ASSIGNED TASK -> Instruction for the entries that follow: retype exactly the lines from the line with "datatype 'p form" to the line with "disjunction \<sqcup> *)", both included, and omit all others.
[EXCERPTED DATA — start]
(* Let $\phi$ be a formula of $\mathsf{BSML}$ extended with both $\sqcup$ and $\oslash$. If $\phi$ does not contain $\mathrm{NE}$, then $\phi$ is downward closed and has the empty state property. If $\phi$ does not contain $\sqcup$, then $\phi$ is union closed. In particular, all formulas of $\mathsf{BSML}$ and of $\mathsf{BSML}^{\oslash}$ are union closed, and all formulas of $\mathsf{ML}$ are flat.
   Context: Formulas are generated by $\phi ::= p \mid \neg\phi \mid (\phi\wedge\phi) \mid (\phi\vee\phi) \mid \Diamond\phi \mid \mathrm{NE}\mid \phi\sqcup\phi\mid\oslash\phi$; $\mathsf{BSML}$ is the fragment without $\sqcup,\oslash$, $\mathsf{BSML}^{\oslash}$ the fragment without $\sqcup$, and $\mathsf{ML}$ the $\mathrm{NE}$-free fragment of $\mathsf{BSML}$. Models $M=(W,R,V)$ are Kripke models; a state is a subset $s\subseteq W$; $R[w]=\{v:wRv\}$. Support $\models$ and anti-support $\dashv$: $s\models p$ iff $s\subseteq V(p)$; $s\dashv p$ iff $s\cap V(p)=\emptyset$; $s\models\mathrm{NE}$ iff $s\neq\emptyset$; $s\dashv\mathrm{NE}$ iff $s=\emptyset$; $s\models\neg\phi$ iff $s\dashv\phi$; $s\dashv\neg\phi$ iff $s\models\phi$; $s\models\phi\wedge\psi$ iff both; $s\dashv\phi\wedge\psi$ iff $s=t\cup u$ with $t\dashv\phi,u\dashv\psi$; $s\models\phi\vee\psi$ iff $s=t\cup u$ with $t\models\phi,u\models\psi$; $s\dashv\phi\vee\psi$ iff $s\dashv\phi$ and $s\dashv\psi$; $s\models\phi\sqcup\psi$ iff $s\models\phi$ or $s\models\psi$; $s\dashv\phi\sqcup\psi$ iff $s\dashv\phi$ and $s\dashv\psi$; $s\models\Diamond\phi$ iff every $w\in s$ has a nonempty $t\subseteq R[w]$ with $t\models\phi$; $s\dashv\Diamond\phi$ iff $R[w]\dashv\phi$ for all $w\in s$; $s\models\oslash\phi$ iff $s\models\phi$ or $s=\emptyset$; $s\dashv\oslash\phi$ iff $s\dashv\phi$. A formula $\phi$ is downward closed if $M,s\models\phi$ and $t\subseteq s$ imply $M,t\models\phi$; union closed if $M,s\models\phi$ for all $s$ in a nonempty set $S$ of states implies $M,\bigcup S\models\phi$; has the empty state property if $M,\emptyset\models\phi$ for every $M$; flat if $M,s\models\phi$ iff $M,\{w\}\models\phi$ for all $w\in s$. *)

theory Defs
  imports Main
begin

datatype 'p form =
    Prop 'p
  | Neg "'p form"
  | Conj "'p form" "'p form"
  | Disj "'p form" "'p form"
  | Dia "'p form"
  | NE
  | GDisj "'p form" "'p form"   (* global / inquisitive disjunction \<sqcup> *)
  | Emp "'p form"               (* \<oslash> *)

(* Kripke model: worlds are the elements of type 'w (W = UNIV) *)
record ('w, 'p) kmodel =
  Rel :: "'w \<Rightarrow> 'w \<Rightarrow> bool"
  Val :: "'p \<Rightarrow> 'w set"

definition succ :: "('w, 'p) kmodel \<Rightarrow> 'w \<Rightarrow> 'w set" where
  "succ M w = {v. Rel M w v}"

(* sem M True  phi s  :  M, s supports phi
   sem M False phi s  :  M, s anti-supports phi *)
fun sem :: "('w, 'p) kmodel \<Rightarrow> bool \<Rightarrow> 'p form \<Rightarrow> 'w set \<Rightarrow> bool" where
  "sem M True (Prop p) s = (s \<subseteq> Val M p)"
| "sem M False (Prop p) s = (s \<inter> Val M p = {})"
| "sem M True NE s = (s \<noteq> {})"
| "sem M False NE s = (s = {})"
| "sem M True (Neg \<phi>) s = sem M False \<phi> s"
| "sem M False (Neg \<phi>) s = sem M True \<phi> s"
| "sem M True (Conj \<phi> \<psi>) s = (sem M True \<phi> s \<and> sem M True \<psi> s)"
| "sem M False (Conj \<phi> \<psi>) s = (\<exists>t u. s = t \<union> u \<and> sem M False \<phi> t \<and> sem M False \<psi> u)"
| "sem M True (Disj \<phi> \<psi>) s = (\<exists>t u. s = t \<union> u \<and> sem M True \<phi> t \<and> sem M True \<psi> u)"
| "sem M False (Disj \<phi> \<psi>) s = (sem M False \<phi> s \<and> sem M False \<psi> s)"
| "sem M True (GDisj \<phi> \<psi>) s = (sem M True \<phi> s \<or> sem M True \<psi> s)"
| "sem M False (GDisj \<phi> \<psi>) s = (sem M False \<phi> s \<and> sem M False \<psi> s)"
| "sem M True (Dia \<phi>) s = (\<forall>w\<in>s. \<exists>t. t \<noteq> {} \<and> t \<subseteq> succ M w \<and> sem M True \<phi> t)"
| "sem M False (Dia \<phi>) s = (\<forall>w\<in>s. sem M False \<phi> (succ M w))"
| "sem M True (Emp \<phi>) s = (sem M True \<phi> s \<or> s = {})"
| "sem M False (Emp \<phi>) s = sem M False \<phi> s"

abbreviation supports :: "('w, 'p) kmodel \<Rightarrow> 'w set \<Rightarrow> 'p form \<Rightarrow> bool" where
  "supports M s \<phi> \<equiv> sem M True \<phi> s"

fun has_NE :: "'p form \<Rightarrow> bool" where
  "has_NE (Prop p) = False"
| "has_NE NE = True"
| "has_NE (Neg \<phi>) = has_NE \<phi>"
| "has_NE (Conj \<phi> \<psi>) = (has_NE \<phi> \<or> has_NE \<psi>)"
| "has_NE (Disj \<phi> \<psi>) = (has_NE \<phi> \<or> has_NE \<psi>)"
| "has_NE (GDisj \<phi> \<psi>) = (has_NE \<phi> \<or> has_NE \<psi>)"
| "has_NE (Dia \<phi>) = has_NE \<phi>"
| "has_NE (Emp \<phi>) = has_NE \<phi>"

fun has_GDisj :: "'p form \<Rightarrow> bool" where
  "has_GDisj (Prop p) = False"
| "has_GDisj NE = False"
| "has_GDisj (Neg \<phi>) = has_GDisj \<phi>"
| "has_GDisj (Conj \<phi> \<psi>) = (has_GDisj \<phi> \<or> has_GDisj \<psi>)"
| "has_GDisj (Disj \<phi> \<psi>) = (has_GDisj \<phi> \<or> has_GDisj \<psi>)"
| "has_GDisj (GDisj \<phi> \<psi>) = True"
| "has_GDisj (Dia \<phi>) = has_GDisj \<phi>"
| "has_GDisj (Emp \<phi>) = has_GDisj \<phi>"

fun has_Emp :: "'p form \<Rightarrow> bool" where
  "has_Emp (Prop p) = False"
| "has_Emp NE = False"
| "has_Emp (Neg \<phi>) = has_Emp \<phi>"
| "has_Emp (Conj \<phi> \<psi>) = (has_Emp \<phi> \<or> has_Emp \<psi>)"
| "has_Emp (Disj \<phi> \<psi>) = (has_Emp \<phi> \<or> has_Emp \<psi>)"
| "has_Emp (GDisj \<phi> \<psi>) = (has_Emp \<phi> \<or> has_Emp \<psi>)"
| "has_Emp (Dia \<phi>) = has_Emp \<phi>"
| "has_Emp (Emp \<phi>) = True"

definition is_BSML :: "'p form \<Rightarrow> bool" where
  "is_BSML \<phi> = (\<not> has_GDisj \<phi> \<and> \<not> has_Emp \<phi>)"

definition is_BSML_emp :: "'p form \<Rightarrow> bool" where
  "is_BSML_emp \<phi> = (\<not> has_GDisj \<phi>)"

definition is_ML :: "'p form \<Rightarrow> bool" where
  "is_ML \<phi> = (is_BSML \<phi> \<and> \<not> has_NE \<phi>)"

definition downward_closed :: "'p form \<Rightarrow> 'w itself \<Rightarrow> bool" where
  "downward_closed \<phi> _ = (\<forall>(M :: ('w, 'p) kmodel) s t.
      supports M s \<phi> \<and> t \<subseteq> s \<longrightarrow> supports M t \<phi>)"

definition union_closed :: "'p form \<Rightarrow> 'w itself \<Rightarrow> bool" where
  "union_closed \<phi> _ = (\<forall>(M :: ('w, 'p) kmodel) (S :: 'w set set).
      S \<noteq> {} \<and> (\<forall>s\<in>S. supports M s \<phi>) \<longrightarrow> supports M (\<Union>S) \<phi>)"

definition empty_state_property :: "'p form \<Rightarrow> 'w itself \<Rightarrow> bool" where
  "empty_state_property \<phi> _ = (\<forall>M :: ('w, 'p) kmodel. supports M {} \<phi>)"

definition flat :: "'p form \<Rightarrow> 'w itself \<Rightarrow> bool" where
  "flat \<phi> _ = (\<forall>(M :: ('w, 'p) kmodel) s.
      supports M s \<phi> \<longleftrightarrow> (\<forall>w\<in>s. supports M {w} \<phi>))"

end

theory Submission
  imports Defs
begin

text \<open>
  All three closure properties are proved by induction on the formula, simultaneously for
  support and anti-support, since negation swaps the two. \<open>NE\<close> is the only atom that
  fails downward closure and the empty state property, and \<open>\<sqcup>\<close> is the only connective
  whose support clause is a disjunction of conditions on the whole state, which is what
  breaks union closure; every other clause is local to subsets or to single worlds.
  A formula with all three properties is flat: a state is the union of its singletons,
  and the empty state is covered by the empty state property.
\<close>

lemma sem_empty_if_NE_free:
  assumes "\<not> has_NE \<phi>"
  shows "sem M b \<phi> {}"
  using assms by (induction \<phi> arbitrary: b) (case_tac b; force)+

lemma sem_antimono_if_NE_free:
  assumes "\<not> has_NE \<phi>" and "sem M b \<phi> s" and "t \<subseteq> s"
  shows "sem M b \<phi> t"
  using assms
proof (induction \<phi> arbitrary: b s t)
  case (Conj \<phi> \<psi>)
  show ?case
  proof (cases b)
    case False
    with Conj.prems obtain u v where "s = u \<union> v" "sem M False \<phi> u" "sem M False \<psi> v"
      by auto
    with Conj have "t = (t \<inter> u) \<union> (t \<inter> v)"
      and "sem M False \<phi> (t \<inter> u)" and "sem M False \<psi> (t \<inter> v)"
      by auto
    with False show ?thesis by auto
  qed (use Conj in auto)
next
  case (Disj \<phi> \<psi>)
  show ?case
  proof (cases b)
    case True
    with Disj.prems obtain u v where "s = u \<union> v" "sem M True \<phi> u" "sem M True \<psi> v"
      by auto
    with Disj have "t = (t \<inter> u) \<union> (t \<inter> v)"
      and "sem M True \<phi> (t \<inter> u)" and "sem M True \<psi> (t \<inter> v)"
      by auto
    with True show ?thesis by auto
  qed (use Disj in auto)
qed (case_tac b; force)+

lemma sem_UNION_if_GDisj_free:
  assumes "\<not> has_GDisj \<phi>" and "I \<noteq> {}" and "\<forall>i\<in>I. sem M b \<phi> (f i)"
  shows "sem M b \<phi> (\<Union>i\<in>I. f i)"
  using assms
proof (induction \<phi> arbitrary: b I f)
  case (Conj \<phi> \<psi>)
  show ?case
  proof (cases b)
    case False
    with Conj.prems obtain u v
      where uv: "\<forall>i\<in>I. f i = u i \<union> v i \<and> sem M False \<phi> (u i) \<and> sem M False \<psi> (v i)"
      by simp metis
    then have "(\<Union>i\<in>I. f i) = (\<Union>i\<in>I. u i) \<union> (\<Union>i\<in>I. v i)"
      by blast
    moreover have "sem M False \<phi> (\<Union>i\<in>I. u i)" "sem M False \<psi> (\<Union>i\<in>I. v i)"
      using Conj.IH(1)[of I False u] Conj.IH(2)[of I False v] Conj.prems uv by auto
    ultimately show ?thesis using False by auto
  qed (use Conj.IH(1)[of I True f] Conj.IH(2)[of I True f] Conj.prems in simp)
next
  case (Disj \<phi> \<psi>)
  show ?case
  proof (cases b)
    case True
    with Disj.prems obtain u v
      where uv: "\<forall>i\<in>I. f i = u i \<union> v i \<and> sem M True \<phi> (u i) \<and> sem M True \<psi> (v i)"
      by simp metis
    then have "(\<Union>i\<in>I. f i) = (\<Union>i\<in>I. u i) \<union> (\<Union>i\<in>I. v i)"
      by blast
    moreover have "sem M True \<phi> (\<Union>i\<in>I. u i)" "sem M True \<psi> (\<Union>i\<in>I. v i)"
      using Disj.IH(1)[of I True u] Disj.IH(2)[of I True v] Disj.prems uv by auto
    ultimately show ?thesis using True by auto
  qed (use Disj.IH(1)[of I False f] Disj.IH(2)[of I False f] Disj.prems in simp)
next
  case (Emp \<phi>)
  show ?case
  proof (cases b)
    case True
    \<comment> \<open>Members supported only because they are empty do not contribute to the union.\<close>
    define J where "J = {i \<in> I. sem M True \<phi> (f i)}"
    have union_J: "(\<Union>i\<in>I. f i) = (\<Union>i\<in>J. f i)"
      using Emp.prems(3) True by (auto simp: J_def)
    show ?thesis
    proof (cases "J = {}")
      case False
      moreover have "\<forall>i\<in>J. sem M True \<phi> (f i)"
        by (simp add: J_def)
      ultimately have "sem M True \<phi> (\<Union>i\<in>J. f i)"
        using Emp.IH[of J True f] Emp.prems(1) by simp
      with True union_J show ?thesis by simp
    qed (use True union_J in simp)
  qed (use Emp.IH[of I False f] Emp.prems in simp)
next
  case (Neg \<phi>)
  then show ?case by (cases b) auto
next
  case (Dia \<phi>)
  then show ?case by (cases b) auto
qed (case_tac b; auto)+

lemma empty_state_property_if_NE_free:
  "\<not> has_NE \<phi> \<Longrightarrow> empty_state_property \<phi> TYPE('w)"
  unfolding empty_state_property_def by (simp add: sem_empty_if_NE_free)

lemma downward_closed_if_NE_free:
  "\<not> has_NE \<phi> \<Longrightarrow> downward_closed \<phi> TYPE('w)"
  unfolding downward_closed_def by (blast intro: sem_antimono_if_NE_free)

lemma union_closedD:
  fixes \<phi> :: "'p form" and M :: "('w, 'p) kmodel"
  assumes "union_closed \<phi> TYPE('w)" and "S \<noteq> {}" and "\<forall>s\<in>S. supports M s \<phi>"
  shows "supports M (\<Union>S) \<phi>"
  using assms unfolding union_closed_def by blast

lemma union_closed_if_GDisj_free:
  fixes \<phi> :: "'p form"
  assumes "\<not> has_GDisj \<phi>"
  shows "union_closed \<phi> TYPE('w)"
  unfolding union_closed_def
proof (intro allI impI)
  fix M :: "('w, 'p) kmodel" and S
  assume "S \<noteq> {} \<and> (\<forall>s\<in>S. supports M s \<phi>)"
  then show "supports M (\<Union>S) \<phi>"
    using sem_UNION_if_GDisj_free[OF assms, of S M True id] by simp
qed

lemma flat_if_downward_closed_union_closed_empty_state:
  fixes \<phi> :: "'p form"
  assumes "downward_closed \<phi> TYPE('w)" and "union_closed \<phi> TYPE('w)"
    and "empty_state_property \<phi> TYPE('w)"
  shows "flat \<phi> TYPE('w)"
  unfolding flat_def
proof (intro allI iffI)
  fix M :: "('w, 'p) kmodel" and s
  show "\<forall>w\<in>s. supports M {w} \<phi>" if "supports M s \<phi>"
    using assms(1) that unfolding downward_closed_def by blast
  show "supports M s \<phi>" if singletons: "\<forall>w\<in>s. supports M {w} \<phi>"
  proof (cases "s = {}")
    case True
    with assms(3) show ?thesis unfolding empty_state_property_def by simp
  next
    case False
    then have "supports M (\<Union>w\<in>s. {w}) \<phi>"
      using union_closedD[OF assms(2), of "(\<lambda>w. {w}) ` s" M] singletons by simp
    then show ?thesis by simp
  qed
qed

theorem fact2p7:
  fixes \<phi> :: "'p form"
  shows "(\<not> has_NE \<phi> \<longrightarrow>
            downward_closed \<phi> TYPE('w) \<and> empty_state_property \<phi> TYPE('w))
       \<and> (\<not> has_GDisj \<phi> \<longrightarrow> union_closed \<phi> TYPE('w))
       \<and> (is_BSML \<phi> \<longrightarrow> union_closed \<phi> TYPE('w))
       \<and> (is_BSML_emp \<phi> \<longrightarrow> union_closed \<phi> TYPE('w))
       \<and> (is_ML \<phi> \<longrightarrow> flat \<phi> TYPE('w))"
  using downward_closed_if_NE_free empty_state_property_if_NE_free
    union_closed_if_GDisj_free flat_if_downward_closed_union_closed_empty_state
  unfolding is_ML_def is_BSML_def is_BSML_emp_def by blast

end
[EXCERPTED DATA — finish]
RESULT OF THE TASK ->
datatype 'p form =
    Prop 'p
  | Neg "'p form"
  | Conj "'p form" "'p form"
  | Disj "'p form" "'p form"
  | Dia "'p form"
  | NE
  | GDisj "'p form" "'p form"   (* global / inquisitive disjunction \<sqcup> *)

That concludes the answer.